Северная Италия в это смутное время была главным очагом борьбы между Австрией и Французской республикой; и от первого наступления французов в 1796 г. до решающего сражения при Маренго в 1800 г. Болонья попеременно оказывалась под оккупацией то одной, то другой противоборствующей державы. Однако в течение почти 19 месяцев после битвы при Треббии в июле 1799 г. австрийцы оставались в нерушимом владении. Ряды австрийской армии в тот день составляли редставители большинства ведущих европейских языков — тевтонского, славянского, чешского, мадьярского, романского и т.д. Открывшееся таким образом для Меццофанти общение с офицерами и солдатами в сочетании с университетом и другими его ресурсами давало невероятные результаты.

Эти знания, несомненно, давали ему преимущества в его продвижении в сан священника. Все сохранившиеся отчеты о первых годах его служения сходятся в восхвалении его замечательного благочестия, преданности обязанностям исповедника и, прежде всего, деятельного и трогательного милосердия. Он принимал участие во всех делах благотворительности. Он был особенно предан больным; не только высшему классу, а тому классу, которого в Италии называют «застенчивыми бедняками», которых он любил разыскивать и навещать в их собственных домах. Его деятельная благотворительность позволяла ему оказывать услуги, которые нельзя было получить за деньги. Он занимался благотворительностью и в государственных больницах, и в гражданских, и в военных. Страшная Первая Итальянская кампания 1796—1797 гг., а затем 1799 года наполнила лагеря обеих армий больными и ранеными солдатами. Таким образом, в общественных больницах Болоньи постоянно находились инвалиды почти всех европейских рас. М. Манавит утверждает, что еще до того, как Меццофанти был рукоположен в священники, он начал выступать в качестве переводчика для раненых или умирающих в больницах, будь то их мирские или духовные желания. Манавит рассказывает, что говорил ему Меццофанти о своем служении:

«Я был в Болонье, — рассказывал он М. Манавиту, — во время войны. Я был тогда молод, в священном служении и имел обыкновение посещать военные госпитали. Я постоянно встречал там венгров, славян, немцев и богемцев, раненых в бою или в походе. Это и огорчало мое сердце, что по недостатку средств общения с ними я не мог ни исповедовать, ни привести в церковь тех, кто были католиками. Соответственно, в таких случаях я со всей своей энергией отдавался изучению языка пациентов, пока не изучал его достаточно, чтобы меня понимали. Мне большего и не требовалось. С этими первыми зачатками я оказался среди больничных палат.

Таким образом, за короткое время я приобрел значительный словарный запас.
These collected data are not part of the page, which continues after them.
(* Let $k\in\mathbb{N}$ and let $\phi:\mathbb{M}_n\to\mathbb{M}_m$ be a $(k+1)$-positive linear map. Then $\mathrm{id}_k\otimes\phi:\mathbb{M}_k\otimes\mathbb{M}_n\to\mathbb{M}_k\otimes\mathbb{M}_m$ is a generalized Schwarz map.
   Context: $\mathbb{M}_n$ denotes the $n\times n$ complex matrices; $\mathrm{id}_k$ is the identity map on $\mathbb{M}_k$, and $\mathbb{M}_k\otimes\mathbb{M}_n\cong\mathbb{M}_{kn}$. A linear map $\phi$ is $j$-positive if $\mathrm{id}_j\otimes\phi$ maps positive semidefinite matrices to positive semidefinite matrices. A linear map $\psi:\mathbb{M}_N\to\mathbb{M}_M$ is a generalized Schwarz map if for all $K\in\mathbb{M}_N$ the block matrix $\begin{pmatrix}\psi(\mathbf{1}_N) & \psi(K)\\ \psi(K)^* & \psi(K^*K)\end{pmatrix}$ is positive semidefinite. *)

theory Defs
  imports "Jordan_Normal_Form.Matrix"
begin

definition cadj :: "complex mat \<Rightarrow> complex mat" where
  "cadj A = mat (dim_col A) (dim_row A) (\<lambda>(i,j). cnj (A $$ (j,i)))"

definition psd :: "nat \<Rightarrow> complex mat \<Rightarrow> bool" where
  "psd n A \<longleftrightarrow> A \<in> carrier_mat n n \<and>
     (\<forall>v :: nat \<Rightarrow> complex.
        (\<Sum>i<n. \<Sum>j<n. cnj (v i) * A $$ (i,j) * v j) \<in> \<real> \<and>
        Re (\<Sum>i<n. \<Sum>j<n. cnj (v i) * A $$ (i,j) * v j) \<ge> 0)"

definition lin_map :: "nat \<Rightarrow> nat \<Rightarrow> (complex mat \<Rightarrow> complex mat) \<Rightarrow> bool" where
  "lin_map n m \<phi> \<longleftrightarrow>
     (\<forall>A \<in> carrier_mat n n. \<phi> A \<in> carrier_mat m m) \<and>
     (\<forall>A \<in> carrier_mat n n. \<forall>B \<in> carrier_mat n n. \<phi> (A + B) = \<phi> A + \<phi> B) \<and>
     (\<forall>c. \<forall>A \<in> carrier_mat n n. \<phi> (c \<cdot>\<^sub>m A) = c \<cdot>\<^sub>m \<phi> A)"

text \<open>Block (a,b) of size n x n of a matrix in M_k (x) M_n = M_{kn}
  (Kronecker convention: index (a,i) corresponds to a*n+i).\<close>
definition blk :: "nat \<Rightarrow> complex mat \<Rightarrow> nat \<Rightarrow> nat \<Rightarrow> complex mat" where
  "blk n X a b = mat n n (\<lambda>(i,j). X $$ (a*n+i, b*n+j))"

text \<open>id_k (x) phi : M_k (x) M_n -> M_k (x) M_m, applying phi blockwise.\<close>
definition ampl :: "nat \<Rightarrow> nat \<Rightarrow> nat \<Rightarrow> (complex mat \<Rightarrow> complex mat) \<Rightarrow> complex mat \<Rightarrow> complex mat" where
  "ampl k n m \<phi> X = mat (k*m) (k*m)
     (\<lambda>(p,q). \<phi> (blk n X (p div m) (q div m)) $$ (p mod m, q mod m))"

definition j_positive :: "nat \<Rightarrow> nat \<Rightarrow> nat \<Rightarrow> (complex mat \<Rightarrow> complex mat) \<Rightarrow> bool" where
  "j_positive j n m \<phi> \<longleftrightarrow>
     (\<forall>X \<in> carrier_mat (j*n) (j*n). psd (j*n) X \<longrightarrow> psd (j*m) (ampl j n m \<phi> X))"

definition gen_schwarz :: "nat \<Rightarrow> nat \<Rightarrow> (complex mat \<Rightarrow> complex mat) \<Rightarrow> bool" where
  "gen_schwarz N M \<psi> \<longleftrightarrow>
     (\<forall>K \<in> carrier_mat N N.
        psd (2*M) (four_block_mat (\<psi> (1\<^sub>m N)) (\<psi> K) (cadj (\<psi> K)) (\<psi> (cadj K * K))))"

end

theory Submission
  imports Defs "HOL-Library.Complex_Order"
begin

(* The block matrix [[1, K], [K^*, K^*K]] is the sum over r of g_r g_r^*, where g_r is the
   r-th column of [1; K^*].  Since 2-positive maps preserve adjoints, the Schwarz matrix of
   id_k (x) phi is the image of this block matrix under id_2k (x) phi, hence by linearity the
   sum of the images of the g_r g_r^*.  Viewed in C^2k (x) C^n, the vector g_r has nonzero
   components only in the top block containing r and in the k bottom blocks, so each summand
   is a compression of the image of a positive rank-one matrix under id_(k+1) (x) phi, which
   is positive by (k+1)-positivity. *)

lemma block_index_less: "a < k \<Longrightarrow> i < n \<Longrightarrow> a*n + i < k*(n::nat)"
proof -
  assume "a < k" "i < n"
  then have "a*n + i < (a+1)*n" by simp
  also have "(a+1)*n \<le> k*n" using \<open>a < k\<close> by (intro mult_le_mono1) simp
  finally show ?thesis .
qed

lemma sum_lessThan_mult:
  fixes f :: "nat \<Rightarrow> 'a::comm_monoid_add"
  shows "(\<Sum>p<k*m. f p) = (\<Sum>a<k. \<Sum>s<m. f (a*m + s))"
proof -
  have "(\<Sum>p<k*m. f p) = (\<Sum>a<k. sum f {a*m..<a*m + m})"
    using sum.nat_group[of f m k] by simp
  also have "\<dots> = (\<Sum>a<k. \<Sum>s<m. f (a*m + s))"
  proof (rule sum.cong[OF refl])
    fix a
    show "sum f {a*m..<a*m + m} = (\<Sum>s<m. f (a*m + s))"
      using sum.shift_bounds_nat_ivl[of f 0 "a*m" m] by (simp add: atLeast0LessThan add.commute)
  qed
  finally show ?thesis .
qed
Наконец, по милости Божией, с помощью моих личных занятий и цепкой памяти, я узнал не только родовые языки народов, к которым принадлежали некоторые больные, но даже особые диалекты их различных провинций».

Репутация, которую он таким образом постепенно создавал, сама по себе служила расширению его возможностей для изучения языков. Каждый иностранец, посетивший Болонью, стремился к его обществу, чтобы лично проверить правдивость чудесных слухов, которые к тому времени уже широко распространились. В те дни Болонья была главной дорогой в Рим, и лишь немногие посетители этой столицы не задерживались в Болонье, чтобы осмотреть многочисленные ее достопримечательности.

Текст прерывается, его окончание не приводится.